▶ YOUR INSTRUCTIONS
In the data below, find the line that contains "proof (rule image_mset_mset_set_bij_betw)" and the line that contains "using assms unfolding". Copy both, plus every line between them, exactly.
Top of GIVEN RECORDS
(* Let $(G_1^p,G_2^p)$ be a pair of twin polymer graphs. Then the Weisfeiler–Lehman (WL) test cannot distinguish $G_1^p$ and $G_2^p$: at every iteration of WL color refinement, the multiset of colors of the nodes in one period of $G_1^p$ equals the multiset of colors of the nodes in one period of $G_2^p$.
   Context: A monomer graph is $G=(V,E,\mathbf{X})$ with atoms $V=\{v_0,\dots,v_{n-1}\}$, bonds $E$, atom features $\mathbf{x}_i$, and boundary atoms $v_0,v_{n-1}$. Its polymer graph $G^p$ has nodes $v^p_i$, $i\in\mathbb{Z}$, with $v^p_i$ carrying the features of $v_{i\bmod n}$, and edges $(v^p_{kn+a},v^p_{kn+b})$ for all $k\in\mathbb{Z}$ and $(v_a,v_b)\in E$, plus $(v^p_{kn-1},v^p_{kn})$ for all $k\in\mathbb{Z}$. Its induced star-linking graph $G^*$ has node set $V$, edge set $E\cup\{(v_0,v_{n-1})\}$ and the same features. Two polymers with monomer graphs $G_1,G_2$ and polymer graphs $G_1^p\ne G_2^p$ (non-isomorphic) form a pair of twin polymer graphs if their induced star-linking graphs coincide, $G_1^*=G_2^*$ (i.e. are isomorphic as node-attributed graphs). The WL test initializes node colors by node features and iteratively recolors each node by (a hash of) its current color together with the multiset of its neighbors' colors; colors on a polymer graph are periodic, and one period of $G^p$ is the node set $\{v^p_0,\dots,v^p_{n-1}\}$. *)

theory Defs
  imports Main "HOL-Library.Multiset"
begin

text \<open>A monomer graph is given by its number of atoms n (atoms are 0..<n, atom 0 and
  atom n-1 are the boundary atoms), a set of bonds E (unordered; a pair (a,b) in E
  stands for the undirected bond between a and b) and atom features X.\<close>

definition monomer_wf :: "nat \<Rightarrow> (nat \<times> nat) set \<Rightarrow> bool" where
  "monomer_wf n E \<longleftrightarrow> 2 \<le> n \<and> E \<subseteq> {0..<n} \<times> {0..<n} \<and> (\<forall>a. (a, a) \<notin> E)
     \<and> (0, n - 1) \<notin> E \<and> (n - 1, 0) \<notin> E"

definition poly_adj :: "nat \<Rightarrow> (nat \<times> nat) set \<Rightarrow> int \<Rightarrow> int \<Rightarrow> bool" where
  "poly_adj n E i j \<longleftrightarrow>
     (\<exists>k a b. ((a, b) \<in> E \<or> (b, a) \<in> E) \<and> i = k * int n + int a \<and> j = k * int n + int b)
   \<or> (\<exists>k. (i = k * int n - 1 \<and> j = k * int n) \<or> (i = k * int n \<and> j = k * int n - 1))"

definition poly_feat :: "nat \<Rightarrow> (nat \<Rightarrow> 'c) \<Rightarrow> int \<Rightarrow> 'c" where
  "poly_feat n X i = X (nat (i mod int n))"

definition star_adj :: "nat \<Rightarrow> (nat \<times> nat) set \<Rightarrow> nat \<Rightarrow> nat \<Rightarrow> bool" where
  "star_adj n E a b \<longleftrightarrow> a < n \<and> b < n \<and>
     ((a, b) \<in> E \<or> (b, a) \<in> E \<or> (a = 0 \<and> b = n - 1) \<or> (a = n - 1 \<and> b = 0))"

definition star_iso :: "nat \<Rightarrow> (nat \<times> nat) set \<Rightarrow> (nat \<Rightarrow> 'c) \<Rightarrow>
                        nat \<Rightarrow> (nat \<times> nat) set \<Rightarrow> (nat \<Rightarrow> 'c) \<Rightarrow> bool" where
  "star_iso n1 E1 X1 n2 E2 X2 \<longleftrightarrow>
     (\<exists>f. bij_betw f {0..<n1} {0..<n2} \<and> (\<forall>a<n1. X2 (f a) = X1 a) \<and>
          (\<forall>a<n1. \<forall>b<n1. star_adj n2 E2 (f a) (f b) \<longleftrightarrow> star_adj n1 E1 a b))"

definition poly_iso :: "nat \<Rightarrow> (nat \<times> nat) set \<Rightarrow> (nat \<Rightarrow> 'c) \<Rightarrow>
                        nat \<Rightarrow> (nat \<times> nat) set \<Rightarrow> (nat \<Rightarrow> 'c) \<Rightarrow> bool" where
  "poly_iso n1 E1 X1 n2 E2 X2 \<longleftrightarrow>
     (\<exists>f :: int \<Rightarrow> int. bij f \<and> (\<forall>i. poly_feat n2 X2 (f i) = poly_feat n1 X1 i) \<and>
          (\<forall>i j. poly_adj n2 E2 (f i) (f j) \<longleftrightarrow> poly_adj n1 E1 i j))"

definition twin_polymers :: "nat \<Rightarrow> (nat \<times> nat) set \<Rightarrow> (nat \<Rightarrow> 'c) \<Rightarrow>
                        nat \<Rightarrow> (nat \<times> nat) set \<Rightarrow> (nat \<Rightarrow> 'c) \<Rightarrow> bool" where
  "twin_polymers n1 E1 X1 n2 E2 X2 \<longleftrightarrow>
     \<not> poly_iso n1 E1 X1 n2 E2 X2 \<and> star_iso n1 E1 X1 n2 E2 X2"

fun wl :: "('c \<Rightarrow> 'c multiset \<Rightarrow> 'c) \<Rightarrow> ('v \<Rightarrow> 'v \<Rightarrow> bool) \<Rightarrow> ('v \<Rightarrow> 'c) \<Rightarrow> nat \<Rightarrow> 'v \<Rightarrow> 'c" where
  "wl h adj x 0 v = x v"
| "wl h adj x (Suc t) v = h (wl h adj x t v) (image_mset (wl h adj x t) (mset_set {u. adj v u}))"

end

theory Submission
  imports Defs
begin

text \<open>WL colours are preserved by locally bijective homomorphisms (graph coverings): by
  induction on the round, a map sending the neighbourhood of every node bijectively onto the
  neighbourhood of its image maps neighbour colour multisets onto each other. Reduction
  modulo n is such a map from the polymer graph onto the star-linking graph, since the link
  between consecutive periods joins the boundary atoms just as the extra edge of G^* does;
  here it matters that v_0 and v_{n-1} are not already bonded. Hence one period of a polymer
  graph carries the colours of its star-linking graph, and these agree for twins.\<close>

lemma image_mset_mset_set_bij_betw:
  assumes "bij_betw p A B" and "\<And>a. a \<in> A \<Longrightarrow> g (p a) = f a"
  shows "image_mset g (mset_set B) = image_mset f (mset_set A)"
proof -
  have "mset_set B = image_mset p (mset_set A)"
    using assms(1) by (simp add: bij_betw_def image_mset_mset_set)
  also have "image_mset g \<dots> = image_mset f (mset_set A)"
    using assms(2) by (cases "finite A") (auto simp: multiset.map_comp intro: image_mset_cong)
  finally show ?thesis .
qed

definition locally_bijective_on ::
    "'v set \<Rightarrow> ('v \<Rightarrow> 'v \<Rightarrow> bool) \<Rightarrow> ('w \<Rightarrow> 'w \<Rightarrow> bool) \<Rightarrow> ('v \<Rightarrow> 'w) \<Rightarrow> bool" where
  "locally_bijective_on V adj adj' p \<longleftrightarrow>
     (\<forall>v\<in>V. {u. adj v u} \<subseteq> V \<and> bij_betw p {u. adj v u} {w. adj' (p v) w})"

lemma wl_locally_bijective:
  assumes "locally_bijective_on V adj adj' p" and "\<And>v. v \<in> V \<Longrightarrow> y (p v) = x v"
    and "v \<in> V"
  shows "wl h adj' y t (p v) = wl h adj x t v"
  using \<open>v \<in> V\<close>
proof (induction t arbitrary: v)
  case 0
  then show ?case by (simp add: assms(2))
next
  case (Suc t)
  have "bij_betw p {u. adj v u} {w. adj' (p v) w}" and "{u. adj v u} \<subseteq> V"
    using assms(1) Suc.prems unfolding locally_bijective_on_def by auto
  then have "image_mset (wl h adj' y t) (mset_set {w. adj' (p v) w})
      = image_mset (wl h adj x t) (mset_set {u. adj v u})"
    by (intro image_mset_mset_set_bij_betw) (auto intro: Suc.IH)
  then show ?case by (simp add: Suc.IH Suc.prems)
qed

lemma int_div_mod_unique:
  assumes "a < n" and "a' < n" and "k * int n + int a = k' * int n + int a'"
  shows "k = k'" and "a = a'"
proof -
  have "k = (k * int n + int a) div int n" "int a = (k * int n + int a) mod int n"
    "k' = (k' * int n + int a') div int n" "int a' = (k' * int n + int a') mod int n"
    using assms(1,2) by simp_all
  then show "k = k'" "a = a'"
    unfolding assms(3) by simp_all
qed

text \<open>The neighbour of node k n + a in the residue class of b; only the link between
  the boundary atoms leaves period k.\<close>
definition period_lift :: "nat \<Rightarrow> int \<Rightarrow> nat \<Rightarrow> nat \<Rightarrow> int" where
  "period_lift n k a b =
     (if a = 0 \<and> b = n - 1 then k * int n - 1
      else if a = n - 1 \<and> b = 0 then (k + 1) * int n
      else k * int n + int b)"

lemma period_lift_mod:
  assumes "b < n"
  shows "nat (period_lift n k a b mod int n) = b"
proof -
  have residue: "(k' * int n + int c) mod int n = int c" if "c < n" for k' c
    using that by simp
  consider "a = 0 \<and> b = n - 1" | "a = n - 1 \<and> b = 0" | "period_lift n k a b = k * int n + int b"
    by (metis period_lift_def)
  then show ?thesis
  proof cases
    case 1
    then have "period_lift n k a b = (k - 1) * int n + int (n - 1)"
      using assms by (simp add: period_lift_def algebra_simps of_nat_diff)
    moreover have "n - 1 < n" using assms by simp
    ultimately show ?thesis
      using 1 by (simp only: residue nat_int)
  next
    case 2
    with assms show ?thesis by (simp add: period_lift_def)
  qed (simp add: residue assms)
qed

lemma poly_adj_iff_period_lift:
  assumes wf: "monomer_wf n E" and "a < n"
  shows "poly_adj n E (k * int n + int a) u \<longleftrightarrow> (\<exists>b. star_adj n E a b \<and> u = period_lift n k a b)"
proof -
  have n2: "2 \<le> n" and E: "E \<subseteq> {0..<n} \<times> {0..<n}" "(0, n - 1) \<notin> E" "(n - 1, 0) \<notin> E"
    using wf unfolding monomer_wf_def by auto
  have boundary: "k * int n - 1 = (k - 1) * int n + int (n - 1)" for k
    using n2 by (simp add: algebra_simps of_nat_diff)
  have unique: "k = k' \<and> a = a'" if "a' < n" "k * int n + int a = k' * int n + int a'" for k' a'
    using int_div_mod_unique[OF \<open>a < n\<close> that] by simp
  show ?thesis
  proof
    assume "poly_adj n E (k * int n + int a) u"
    then consider (bond) k' a' b where "(a', b) \<in> E \<or> (b, a') \<in> E"
        "k * int n + int a = k' * int n + int a'" "u = k' * int n + int b"
      | (right) k' where "k * int n + int a = k' * int n - 1" "u = k' * int n"
      | (left) k' where "k * int n + int a = k' * int n" "u = k' * int n - 1"
      unfolding poly_adj_def by blast
    then show "\<exists>b. star_adj n E a b \<and> u = period_lift n k a b"
    proof cases
      case bond
      with E unique have "k' = k" "a' = a" "b < n" by auto
      with bond E show ?thesis
        by (intro exI[of _ b]) (auto simp: star_adj_def period_lift_def)
    next
      case right
      with boundary[of k'] unique[of "n - 1" "k' - 1"] n2 have "k = k' - 1" "a = n - 1" by auto
      with right n2 show ?thesis
        by (intro exI[of _ 0]) (auto simp: star_adj_def period_lift_def)
    next
      case left
      with unique[of 0 k'] n2 have "k = k'" "a = 0" by auto
      with left n2 show ?thesis
        by (intro exI[of _ "n - 1"]) (auto simp: star_adj_def period_lift_def)
    qed
  next
    assume "\<exists>b. star_adj n E a b \<and> u = period_lift n k a b"
    then obtain b where b: "star_adj n E a b" "u = period_lift n k a b" by blast
    consider "a = 0 \<and> b = n - 1" | "a = n - 1 \<and> b = 0" | "(a, b) \<in> E \<or> (b, a) \<in> E"
      using b(1) unfolding star_adj_def by blast
    then show "poly_adj n E (k * int n + int a) u"
    proof cases
      case 1
      with b(2) n2 have "k * int n + int a = k * int n \<and> u = k * int n - 1"
        by (simp add: period_lift_def)
      then show ?thesis unfolding poly_adj_def by blast
    next
      case 2
      with b(2) n2 have "k * int n + int a = (k + 1) * int n - 1 \<and> u = (k + 1) * int n"
        by (simp add: period_lift_def algebra_simps of_nat_diff)
      then show ?thesis unfolding poly_adj_def by blast
    next
      case 3
      with b(2) E have "u = k * int n + int b"
        by (auto simp: period_lift_def)
      with 3 show ?thesis unfolding poly_adj_def by blast
    qed
  qed
qed

lemma locally_bijective_poly_star:
  assumes wf: "monomer_wf n E"
  shows "locally_bijective_on UNIV (poly_adj n E) (star_adj n E) (\<lambda>i. nat (i mod int n))"
  unfolding locally_bijective_on_def
proof (intro ballI conjI)
  fix i :: int
  have "0 < n" using wf unfolding monomer_wf_def by auto
  define k a where "k = i div int n" and "a = nat (i mod int n)"
  have "a < n" and i: "i = k * int n + int a"
    using \<open>0 < n\<close> unfolding k_def a_def by (simp_all add: nat_less_iff)
  define S where "S = {b. star_adj n E a b}"
  have lift_mod: "nat (period_lift n k a b mod int n) = b" if "b \<in> S" for b
    using that by (intro period_lift_mod) (simp add: S_def star_adj_def)
  have "{u. poly_adj n E i u} = period_lift n k a ` S"
    using poly_adj_iff_period_lift[OF wf \<open>a < n\<close>] unfolding i S_def by blast
  moreover have "bij_betw (\<lambda>i. nat (i mod int n)) (period_lift n k a ` S) S"
  proof (rule bij_betw_imageI)
    show "inj_on (\<lambda>i. nat (i mod int n)) (period_lift n k a ` S)"
      by (rule inj_onI) (metis imageE lift_mod)
    show "(\<lambda>i. nat (i mod int n)) ` period_lift n k a ` S = S"
      by (simp add: image_image lift_mod)
  qed
  ultimately show "bij_betw (\<lambda>i. nat (i mod int n)) {u. poly_adj n E i u}
      {w. star_adj n E (nat (i mod int n)) w}"
    unfolding S_def a_def by simp
qed simp

lemma wl_poly_period_eq_wl_star:
  assumes "monomer_wf n E"
  shows "image_mset (wl h (poly_adj n E) (poly_feat n X) t) (mset_set {0..<int n})
       = image_mset (wl h (star_adj n E) X t) (mset_set {0..<n})"
proof (rule image_mset_mset_set_bij_betw)
  show "bij_betw int {0..<n} {0..<int n}"
    by (metis bij_betw_imageI image_int_atLeastLessThan inj_on_of_nat of_nat_0)
  fix a assume "a \<in> {0..<n}"
  have "wl h (star_adj n E) X t (nat (int a mod int n)) = wl h (poly_adj n E) (poly_feat n X) t (int a)"
    by (rule wl_locally_bijective[OF locally_bijective_poly_star[OF assms]])
      (simp_all add: poly_feat_def)
  with \<open>a \<in> {0..<n}\<close> show "wl h (poly_adj n E) (poly_feat n X) t (int a) = wl h (star_adj n E) X t a"
    by simp
qed

lemma locally_bijective_star_iso:
  assumes bij: "bij_betw f {0..<n1} {0..<n2}"
    and adj: "\<forall>a<n1. \<forall>b<n1. star_adj n2 E2 (f a) (f b) \<longleftrightarrow> star_adj n1 E1 a b"
  shows "locally_bijective_on {0..<n1} (star_adj n1 E1) (star_adj n2 E2) f"
  unfolding locally_bijective_on_def
proof (intro ballI conjI)
  fix a assume a: "a \<in> {0..<n1}"
  show sub: "{b. star_adj n1 E1 a b} \<subseteq> {0..<n1}"
    unfolding star_adj_def by auto
  have "{w. star_adj n2 E2 (f a) w} = f ` {b. star_adj n1 E1 a b}"
  proof (intro subset_antisym subsetI)
    fix w assume w: "w \<in> {w. star_adj n2 E2 (f a) w}"
    then have "w \<in> f ` {0..<n1}" using bij unfolding bij_betw_def star_adj_def by auto
    with w a adj show "w \<in> f ` {b. star_adj n1 E1 a b}" by auto
  qed (use a adj sub in auto)
  moreover have "inj_on f {b. star_adj n1 E1 a b}"
    using bij sub unfolding bij_betw_def by (blast intro: inj_on_subset)
  ultimately show "bij_betw f {b. star_adj n1 E1 a b} {w. star_adj n2 E2 (f a) w}"
    by (simp add: bij_betw_def)
qed

lemma wl_star_eq_if_star_iso:
  assumes "star_iso n1 E1 X1 n2 E2 X2"
  shows "image_mset (wl h (star_adj n1 E1) X1 t) (mset_set {0..<n1})
       = image_mset (wl h (star_adj n2 E2) X2 t) (mset_set {0..<n2})"
proof -
  obtain f where bij: "bij_betw f {0..<n1} {0..<n2}" and feat: "\<forall>a<n1. X2 (f a) = X1 a"
    and adj: "\<forall>a<n1. \<forall>b<n1. star_adj n2 E2 (f a) (f b) \<longleftrightarrow> star_adj n1 E1 a b"
    using assms unfolding star_iso_def by blast
  have "wl h (star_adj n2 E2) X2 t (f a) = wl h (star_adj n1 E1) X1 t a" if "a \<in> {0..<n1}" for a
    using that feat by (intro wl_locally_bijective[OF locally_bijective_star_iso[OF bij adj]]) auto
  then show ?thesis
    by (intro image_mset_mset_set_bij_betw[OF bij, symmetric])
qed

theorem lemma1:
  fixes n1 n2 :: nat and E1 E2 :: "(nat \<times> nat) set" and X1 X2 :: "nat \<Rightarrow> 'c"
    and h :: "'c \<Rightarrow> 'c multiset \<Rightarrow> 'c"
  assumes "monomer_wf n1 E1" and "monomer_wf n2 E2"
    and "twin_polymers n1 E1 X1 n2 E2 X2"
  shows "\<forall>t. image_mset (wl h (poly_adj n1 E1) (poly_feat n1 X1) t) (mset_set {0..<int n1})
           = image_mset (wl h (poly_adj n2 E2) (poly_feat n2 X2) t) (mset_set {0..<int n2})"
  using wl_star_eq_if_star_iso[of n1 E1 X1 n2 E2 X2 h] assms
  by (simp add: twin_polymers_def wl_poly_period_eq_wl_star)

end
Bottom of GIVEN RECORDS
▶ ANSWER TO THE PROBLEM
proof (rule image_mset_mset_set_bij_betw)
  show "bij_betw int {0..<n} {0..<int n}"
    by (metis bij_betw_imageI image_int_atLeastLessThan inj_on_of_nat of_nat_0)
  fix a assume "a \<in> {0..<n}"
  have "wl h (star_adj n E) X t (nat (int a mod int n)) = wl h (poly_adj n E) (poly_feat n X) t (int a)"
    by (rule wl_locally_bijective[OF locally_bijective_poly_star[OF assms]])
      (simp_all add: poly_feat_def)
  with \<open>a \<in> {0..<n}\<close> show "wl h (poly_adj n E) (poly_feat n X) t (int a) = wl h (star_adj n E) X t a"
    by simp
qed

lemma locally_bijective_star_iso:
  assumes bij: "bij_betw f {0..<n1} {0..<n2}"
    and adj: "\<forall>a<n1. \<forall>b<n1. star_adj n2 E2 (f a) (f b) \<longleftrightarrow> star_adj n1 E1 a b"
  shows "locally_bijective_on {0..<n1} (star_adj n1 E1) (star_adj n2 E2) f"
  unfolding locally_bijective_on_def
proof (intro ballI conjI)
  fix a assume a: "a \<in> {0..<n1}"
  show sub: "{b. star_adj n1 E1 a b} \<subseteq> {0..<n1}"
    unfolding star_adj_def by auto
  have "{w. star_adj n2 E2 (f a) w} = f ` {b. star_adj n1 E1 a b}"
  proof (intro subset_antisym subsetI)
    fix w assume w: "w \<in> {w. star_adj n2 E2 (f a) w}"
    then have "w \<in> f ` {0..<n1}" using bij unfolding bij_betw_def star_adj_def by auto
    with w a adj show "w \<in> f ` {b. star_adj n1 E1 a b}" by auto
  qed (use a adj sub in auto)
  moreover have "inj_on f {b. star_adj n1 E1 a b}"
    using bij sub unfolding bij_betw_def by (blast intro: inj_on_subset)
  ultimately show "bij_betw f {b. star_adj n1 E1 a b} {w. star_adj n2 E2 (f a) w}"
    by (simp add: bij_betw_def)
qed

lemma wl_star_eq_if_star_iso:
  assumes "star_iso n1 E1 X1 n2 E2 X2"
  shows "image_mset (wl h (star_adj n1 E1) X1 t) (mset_set {0..<n1})
       = image_mset (wl h (star_adj n2 E2) X2 t) (mset_set {0..<n2})"
proof -
  obtain f where bij: "bij_betw f {0..<n1} {0..<n2}" and feat: "\<forall>a<n1. X2 (f a) = X1 a"
    and adj: "\<forall>a<n1. \<forall>b<n1. star_adj n2 E2 (f a) (f b) \<longleftrightarrow> star_adj n1 E1 a b"
    using assms unfolding star_iso_def by blast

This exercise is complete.